(Records from a dataset)
******************************

lemma ennreal_exp_add_integral_eqD:
  assumes eq: "ennreal X = ennreal c * ennreal Y + (\<integral>\<^sup>+a. ennreal (\<psi> a) \<partial>lborel)"
    and "integrable lborel \<psi>" "\<And>a. 0 \<le> \<psi> a" "0 \<le> X" "0 \<le> c" "0 \<le> Y"
  shows "X = c * Y + (\<integral>a. \<psi> a \<partial>lborel)"
proof -
  have "ennreal X = ennreal (c * Y + (\<integral>a. \<psi> a \<partial>lborel))"
    using assms by (simp add: nn_integral_eq_integral ennreal_mult ennreal_plus integral_nonneg_AE)
  then show ?thesis
    using assms by (subst (asm) ennreal_inj) (auto intro!: add_nonneg_nonneg integral_nonneg_AE)
qed

locale line =
  fixes \<mu> :: "nat \<Rightarrow> real" and n :: nat and x0 :: "nat \<Rightarrow> real"
  assumes \<mu>_pos: "\<And>l. l < n \<Longrightarrow> 0 < \<mu> l" and x0_nonneg: "\<And>j. j < n \<Longrightarrow> 0 \<le> x0 j"
begin

abbreviation "Gap_at \<equiv> (\<lambda>(l, k). density lborel (exponential_density (\<mu> l))) :: nat \<times> nat \<Rightarrow> real measure"
abbreviation "Idx \<equiv> {..<n} \<times> (UNIV :: nat set)"
abbreviation "P \<equiv> line_space \<mu> n"

lemma P_eq: "P = PiM Idx Gap_at"
  by (simp add: line_space_def)

lemma prob_space_Gap_at: "i \<in> Idx \<Longrightarrow> prob_space (Gap_at i)"
  by (auto intro!: prob_space_exponential_density \<mu>_pos)

sublocale P: prob_space P
  unfolding P_eq by (intro prob_space_PiM prob_space_Gap_at)

lemma measurable_Gap_at_coordinate: "i \<in> K \<Longrightarrow> (\<lambda>\<omega>. \<omega> i) \<in> borel_measurable (PiM K Gap_at)"
  by (rule measurable_PiM_coordinate) (auto split: prod.split)

lemma measurable_P_coordinate[measurable]: "l < n \<Longrightarrow> (\<lambda>\<omega>. \<omega> (l, k)) \<in> borel_measurable P"
  unfolding P_eq by (rule measurable_Gap_at_coordinate) simp

lemma AE_P_nonneg: "AE \<omega> in P. \<forall>l<n. \<forall>k. 0 \<le> \<omega> (l, k)"
proof -
  have "AE \<omega> in P. 0 \<le> \<omega> (l, k)" if "l < n" for l k
  proof -
    have "AE y in density lborel (exponential_density (\<mu> l)). 0 \<le> y"
      by (subst AE_density) (auto simp: erlang_density_def)
    then have "AE y in Gap_at (l, k). 0 \<le> y" by (subst case_prod_conv)
    then show ?thesis unfolding P_eq using that
      by (intro AE_PiM_component[where P="\<lambda>y. 0 \<le> y", OF prob_space_Gap_at]) auto
  qed
  then show ?thesis by (simp add: AE_all_countable AE_ball_countable)
qed
lemma product_cost_sq_eq:
  fixes z :: "'a::real_inner"
  assumes "sum a X = 1" "sum c Y = 1"
  shows "(\<Sum>x\<in>X. \<Sum>y\<in>Y. a x * c y * (norm (x - y))\<^sup>2)
    = (\<Sum>x\<in>X. a x * (norm (z - x))\<^sup>2) + (\<Sum>y\<in>Y. c y * (norm (z - y))\<^sup>2)
      - 2 * inner (\<Sum>x\<in>X. a x *\<^sub>R (x - z)) (\<Sum>y\<in>Y. c y *\<^sub>R (y - z))"
proof -
  have sq: "(norm (x - y))\<^sup>2 = ((norm (z - x))\<^sup>2 + (norm (z - y))\<^sup>2) - 2 * inner (x - z) (y - z)" for x y
    unfolding power2_norm_eq_inner by (simp add: inner_diff_left inner_diff_right inner_commute algebra_simps)
  have "(\<Sum>x\<in>X. \<Sum>y\<in>Y. a x * c y * (norm (x - y))\<^sup>2)
      = (\<Sum>x\<in>X. \<Sum>y\<in>Y. a x * c y * ((norm (z - x))\<^sup>2 + (norm (z - y))\<^sup>2) - 2 * (a x * c y * inner (x - z) (y - z)))"
  proof (intro sum.cong refl)
    fix x y
    show "a x * c y * (norm (x - y))\<^sup>2
      = a x * c y * ((norm (z - x))\<^sup>2 + (norm (z - y))\<^sup>2) - 2 * (a x * c y * inner (x - z) (y - z))"
      using sq[of x y] by (simp add: right_diff_distrib)
  qed
  also have "\<dots> = (\<Sum>x\<in>X. \<Sum>y\<in>Y. a x * c y * ((norm (z - x))\<^sup>2 + (norm (z - y))\<^sup>2))
      - 2 * (\<Sum>x\<in>X. \<Sum>y\<in>Y. a x * c y * inner (x - z) (y - z))"
    by (simp only: sum_subtractf sum_distrib_left)
  also have "(\<Sum>x\<in>X. \<Sum>y\<in>Y. a x * c y * inner (x - z) (y - z))
      = inner (\<Sum>x\<in>X. a x *\<^sub>R (x - z)) (\<Sum>y\<in>Y. c y *\<^sub>R (y - z))"
    by (simp add: inner_sum_left inner_sum_right sum_distrib_left mult.assoc)
      (subst sum.swap, simp add: mult.left_commute)
  finally show ?thesis
    using assms by (simp add: sum_product_weights_split)
qed

text \<open>For p = 1 the displacements are zero (triangle inequality); for p = 2 they are the
  mean displacements from z, and the bound is an identity.\<close>

lemma product_costs_decompose:
  fixes A :: "nat \<Rightarrow> 'a::real_inner \<Rightarrow> real" and z :: 'a
  assumes p: "p = 1 \<or> p = 2" and A_nonneg: "\<forall>i\<in>I. \<forall>y\<in>Y i. 0 \<le> A i y"
    and A_sum: "\<forall>i\<in>I. sum (A i) (Y i) = 1"
  obtains d :: "nat \<Rightarrow> 'a" where "\<forall>i\<in>I. (norm (d i))\<^sup>2 \<le> (\<Sum>y\<in>Y i. A i y * norm (z - y) ^ p)"
    and "\<forall>i\<in>I. \<forall>k\<in>I. (\<Sum>x\<in>Y k. \<Sum>y\<in>Y i. A k x * A i y * norm (x - y) ^ p)
      \<le> (\<Sum>y\<in>Y k. A k y * norm (z - y) ^ p) + (\<Sum>y\<in>Y i. A i y * norm (z - y) ^ p)
         - 2 * inner (d k) (d i)"
  using p
proof
  assume p1: "p = 1"
  show ?thesis
  proof (rule that[of "\<lambda>_. 0"]; intro ballI)
    fix i k
    assume "i \<in> I" "k \<in> I"
    then show "(\<Sum>x\<in>Y k. \<Sum>y\<in>Y i. A k x * A i y * norm (x - y) ^ p)
      \<le> (\<Sum>y\<in>Y k. A k y * norm (z - y) ^ p) + (\<Sum>y\<in>Y i. A i y * norm (z - y) ^ p) - 2 * inner 0 0"
      using product_cost_le_triangle[of "Y k" "A k" "Y i" "A i" z] A_nonneg A_sum p1 by simp
  qed (use A_nonneg in \<open>auto intro: sum_nonneg\<close>)
next
  assume p2: "p = 2"
  let ?d = "\<lambda>i. \<Sum>y\<in>Y i. A i y *\<^sub>R (y - z)"
  show ?thesis
  proof (rule that[of ?d]; intro ballI)
    fix i
    assume "i \<in> I"
    then show "(norm (?d i))\<^sup>2 \<le> (\<Sum>y\<in>Y i. A i y * norm (z - y) ^ p)"
      using norm_weighted_sum_sq_le[of "Y i" "A i" "\<lambda>y. y - z"] A_nonneg A_sum p2
      by (simp add: norm_minus_commute)
  next
    fix i k
    assume "i \<in> I" "k \<in> I"
    then show "(\<Sum>x\<in>Y k. \<Sum>y\<in>Y i. A k x * A i y * norm (x - y) ^ p)
      \<le> (\<Sum>y\<in>Y k. A k y * norm (z - y) ^ p) + (\<Sum>y\<in>Y i. A i y * norm (z - y) ^ p)
         - 2 * inner (?d k) (?d i)"
      using product_cost_sq_eq[of "A k" "Y k" "A i" "Y i" z] A_sum p2 by simp
  qed
qed

lemma completing_square_le:
  fixes u v :: "'a::real_inner"
  assumes "(norm u)\<^sup>2 \<le> b" and "(norm v)\<^sup>2 \<le> (1 - t) * R"
  shows "t * ((1 - t) * b + R - 2 * inner u v) \<le> t * b + R"
proof -
  have "0 \<le> (norm (t *\<^sub>R u + v))\<^sup>2"
    by simp
  also have "\<dots> = t\<^sup>2 * (norm u)\<^sup>2 + 2 * t * inner u v + (norm v)\<^sup>2"
    unfolding power2_norm_eq_inner
    by (simp add: inner_add_left inner_add_right inner_commute algebra_simps power2_eq_square)
  also have "\<dots> \<le> t\<^sup>2 * b + 2 * t * inner u v + (1 - t) * R"
    using mult_left_mono[OF assms(1), of "t\<^sup>2"] assms(2) by simp
  also have "\<dots> = t * b + R - t * ((1 - t) * b + R - 2 * inner u v)"
    by (simp add: algebra_simps power2_eq_square)
  finally show ?thesis
    by simp
qed

text \<open>Cauchy-Schwarz bounds |\<Sum>i\<noteq>j lam i d i|^2 by (1 - lam j) \<Sum>i\<noteq>j lam i b i.\<close>

lemma off_diagonal_sum_le:
  fixes d :: "nat \<Rightarrow> 'a::real_inner"
  assumes fin: "finite I" and j: "j \<in> I" and lam: "\<forall>i\<in>I. 0 \<le> lam i" "sum lam I = 1"
    and d: "\<forall>i\<in>I. (norm (d i))\<^sup>2 \<le> b i"
    and g: "\<forall>i\<in>I. \<forall>k\<in>I. g k i \<le> b k + b i - 2 * inner (d k) (d i)"
  shows "lam j * (\<Sum>i\<in>I-{j}. lam i * g j i) \<le> (\<Sum>i\<in>I. lam i * b i)"
proof -
  define R where "R = (\<Sum>i\<in>I-{j}. lam i * b i)"
  define s where "s = (\<Sum>i\<in>I-{j}. lam i *\<^sub>R d i)"
  have L: "(\<Sum>i\<in>I-{j}. lam i) = 1 - lam j"
    using lam(2) fin j by (simp add: sum_diff1)
  have "(\<Sum>i\<in>I-{j}. lam i * g j i) \<le> (\<Sum>i\<in>I-{j}. lam i * (b j + b i - 2 * inner (d j) (d i)))"
    using lam g j by (intro sum_mono mult_left_mono) auto
  also have "\<dots> = (1 - lam j) * b j + R - 2 * inner (d j) s"
    unfolding R_def s_def L[symmetric]
    by (simp add: algebra_simps sum.distrib sum_distrib_left sum_distrib_right inner_sum_right sum_subtractf)
  finally have "lam j * (\<Sum>i\<in>I-{j}. lam i * g j i) \<le> lam j * ((1 - lam j) * b j + R - 2 * inner (d j) s)"
    using lam j by (simp add: mult_left_mono)
  also have "\<dots> \<le> lam j * b j + R"
  proof (rule completing_square_le)
    show "(norm (d j))\<^sup>2 \<le> b j"
      using d j by blast
    have "(norm s)\<^sup>2 \<le> (1 - lam j) * (\<Sum>i\<in>I-{j}. lam i * (norm (d i))\<^sup>2)"
      unfolding s_def L[symmetric] using lam by (intro norm_weighted_sum_sq_le) auto
    also have "\<dots> \<le> (1 - lam j) * R"
      unfolding R_def L[symmetric] using lam d by (intro mult_left_mono sum_mono sum_nonneg) auto
    finally show "(norm s)\<^sup>2 \<le> (1 - lam j) * R" .
  qed
  also have "\<dots> = (\<Sum>i\<in>I. lam i * b i)"
    unfolding R_def using fin j by (simp add: sum.remove)
  finally show ?thesis .
qed

text \<open>The diagonal terms of the upper bound are nonnegative, and the full double sum of
  the bound equals 2 \<Sum>i lam i b i - 2 |\<Sum>i lam i d i|^2.\<close>

lemma weighted_off_diagonal_sum_le:
  fixes d :: "nat \<Rightarrow> 'a::real_inner"
  assumes fin: "finite I" and lam: "\<forall>i\<in>I. 0 \<le> lam i" "sum lam I = 1"
    and d: "\<forall>i\<in>I. (norm (d i))\<^sup>2 \<le> b i"
    and g: "\<forall>i\<in>I. \<forall>k\<in>I. g k i \<le> b k + b i - 2 * inner (d k) (d i)"
  shows "(\<Sum>j\<in>I. lam j * (\<Sum>i\<in>I-{j}. lam i * g j i)) \<le> 2 * (\<Sum>i\<in>I. lam i * b i)"
proof -
  define h where "h j i = b j + b i - 2 * inner (d j) (d i)" for j i
  define D where "D = (\<Sum>i\<in>I. lam i *\<^sub>R d i)"
  have h_diag: "0 \<le> h j j" if "j \<in> I" for j
    using d that unfolding h_def by (simp add: power2_norm_eq_inner[symmetric])
  have "(\<Sum>j\<in>I. lam j * (\<Sum>i\<in>I-{j}. lam i * g j i)) \<le> (\<Sum>j\<in>I. lam j * (\<Sum>i\<in>I-{j}. lam i * h j i))"
    using lam g unfolding h_def by (intro sum_mono mult_left_mono) auto
  also have "\<dots> \<le> (\<Sum>j\<in>I. lam j * (\<Sum>i\<in>I. lam i * h j i))"
    using fin lam h_diag by (intro sum_mono mult_left_mono sum_mono2) auto
  also have "\<dots> = (\<Sum>j\<in>I. \<Sum>i\<in>I. lam j * lam i * (b j + b i))
      - 2 * (\<Sum>j\<in>I. \<Sum>i\<in>I. lam j * lam i * inner (d j) (d i))"
    unfolding h_def
    by (simp add: algebra_simps sum_subtractf sum_distrib_left flip: sum.distrib)
  also have "(\<Sum>j\<in>I. \<Sum>i\<in>I. lam j * lam i * (b j + b i)) = 2 * (\<Sum>i\<in>I. lam i * b i)"
    using lam(2) by (simp add: sum_product_weights_split)
  also have "(\<Sum>j\<in>I. \<Sum>i\<in>I. lam j * lam i * inner (d j) (d i)) = inner D D"
    unfolding D_def
    by (simp add: inner_sum_left inner_sum_right sum_distrib_left mult.assoc inner_commute mult.left_commute)
  also have "2 * (\<Sum>i\<in>I. lam i * b i) - 2 * inner D D \<le> 2 * (\<Sum>i\<in>I. lam i * b i)"
    by simp
  finally show ?thesis .
qed

lemma fprob_supp_pos: "is_fprob \<mu> \<Longrightarrow> x \<in> supp \<mu> \<Longrightarrow> 0 < \<mu> x"
  unfolding is_fprob_def supp_def by (simp add: order_le_neq_trans)

lemma fprob_finite_supp: "is_fprob \<mu> \<Longrightarrow> finite (supp \<mu>)"
  unfolding is_fprob_def by blast

lemma notin_supp: "x \<notin> supp \<mu> \<Longrightarrow> \<mu> x = 0"
  unfolding supp_def by simp

lemma tcost_nonneg: "is_coupling \<mu> \<nu> \<pi> \<Longrightarrow> 0 \<le> tcost p \<mu> \<nu> \<pi>"
  unfolding tcost_def is_coupling_def by (auto intro!: sum_nonneg)

lemma is_coupling_product: "is_fprob \<mu> \<Longrightarrow> is_fprob \<nu> \<Longrightarrow> is_coupling \<mu> \<nu> (\<lambda>x y. \<mu> x * \<nu> y)"
  unfolding is_coupling_def is_fprob_def
  by (auto simp: supp_def sum_distrib_left[symmetric] sum_distrib_right[symmetric])

lemma tcost_set_nonempty:
  assumes "is_fprob \<mu>" "is_fprob \<nu>"
  shows "{tcost p \<mu> \<nu> \<pi> | \<pi>. is_coupling \<mu> \<nu> \<pi>} \<noteq> {}"
  using is_coupling_product[OF assms] by auto

lemma Wpp_le_tcost: "is_coupling \<mu> \<nu> \<pi> \<Longrightarrow> Wpp p \<mu> \<nu> \<le> tcost p \<mu> \<nu> \<pi>"
  unfolding Wpp_def by (rule cInf_lower) (auto simp: bdd_below_def intro!: exI[of _ 0] tcost_nonneg)

lemma Wpp_nonneg:
  assumes "is_fprob \<mu>" "is_fprob \<nu>"
  shows "0 \<le> Wpp p \<mu> \<nu>"
  unfolding Wpp_def by (rule cInf_greatest[OF tcost_set_nonempty[OF assms]]) (auto intro: tcost_nonneg)

lemma Wpp_approx:
  assumes "is_fprob \<mu>" "is_fprob \<nu>" "0 < \<delta>"
  obtains \<pi> where "is_coupling \<mu> \<nu> \<pi>" "tcost p \<mu> \<nu> \<pi> < Wpp p \<mu> \<nu> + \<delta>"
proof -
  have "Wpp p \<mu> \<nu> < Wpp p \<mu> \<nu> + \<delta>" using assms(3) by simp
  from cInf_lessD[OF tcost_set_nonempty[OF assms(1,2)] this[unfolded Wpp_def]]
  show ?thesis using that unfolding Wpp_def by blast
qed

lemma is_coupling_diag_plan: "is_fprob \<mu> \<Longrightarrow> is_coupling \<mu> \<mu> (diag_plan \<mu>)"
  unfolding is_coupling_def diag_plan_def
  by (auto simp: is_fprob_def supp_def sum.delta sum.delta')

lemma tcost_diag_plan: "1 \<le> p \<Longrightarrow> tcost p \<mu> \<mu> (diag_plan \<mu>) = 0"
  unfolding tcost_def diag_plan_def by (auto intro!: sum.neutral)

lemma Wpp_self:
  assumes "is_fprob \<mu>" "1 \<le> p"
  shows "Wpp p \<mu> \<mu> = 0"
proof -
  have "Wpp p \<mu> \<mu> \<le> 0"
    using Wpp_le_tcost[OF is_coupling_diag_plan[OF assms(1)], of p] tcost_diag_plan[OF assms(2), of \<mu>] by simp
  then show ?thesis
    using Wpp_nonneg[OF assms(1) assms(1), of p] by simp
qed

lemma optimal_plan_diag_plan: "is_fprob \<mu> \<Longrightarrow> 1 \<le> p \<Longrightarrow> optimal_plan p \<mu> \<mu> (diag_plan \<mu>)"
  by (simp add: optimal_plan_def is_coupling_diag_plan tcost_diag_plan Wpp_self)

******************************

**Activity**
Print exactly the stretch of lines beginning with the one that holds "p \<mu> \<mu> \<le>" and ending at the last line above.

**Task answer**
  have "Wpp p \<mu> \<mu> \<le> 0"
    using Wpp_le_tcost[OF is_coupling_diag_plan[OF assms(1)], of p] tcost_diag_plan[OF assms(2), of \<mu>] by simp
  then show ?thesis
    using Wpp_nonneg[OF assms(1) assms(1), of p] by simp
qed

lemma optimal_plan_diag_plan: "is_fprob \<mu> \<Longrightarrow> 1 \<le> p \<Longrightarrow> optimal_plan p \<mu> \<mu> (diag_plan \<mu>)"
  by (simp add: optimal_plan_def is_coupling_diag_plan tcost_diag_plan Wpp_self)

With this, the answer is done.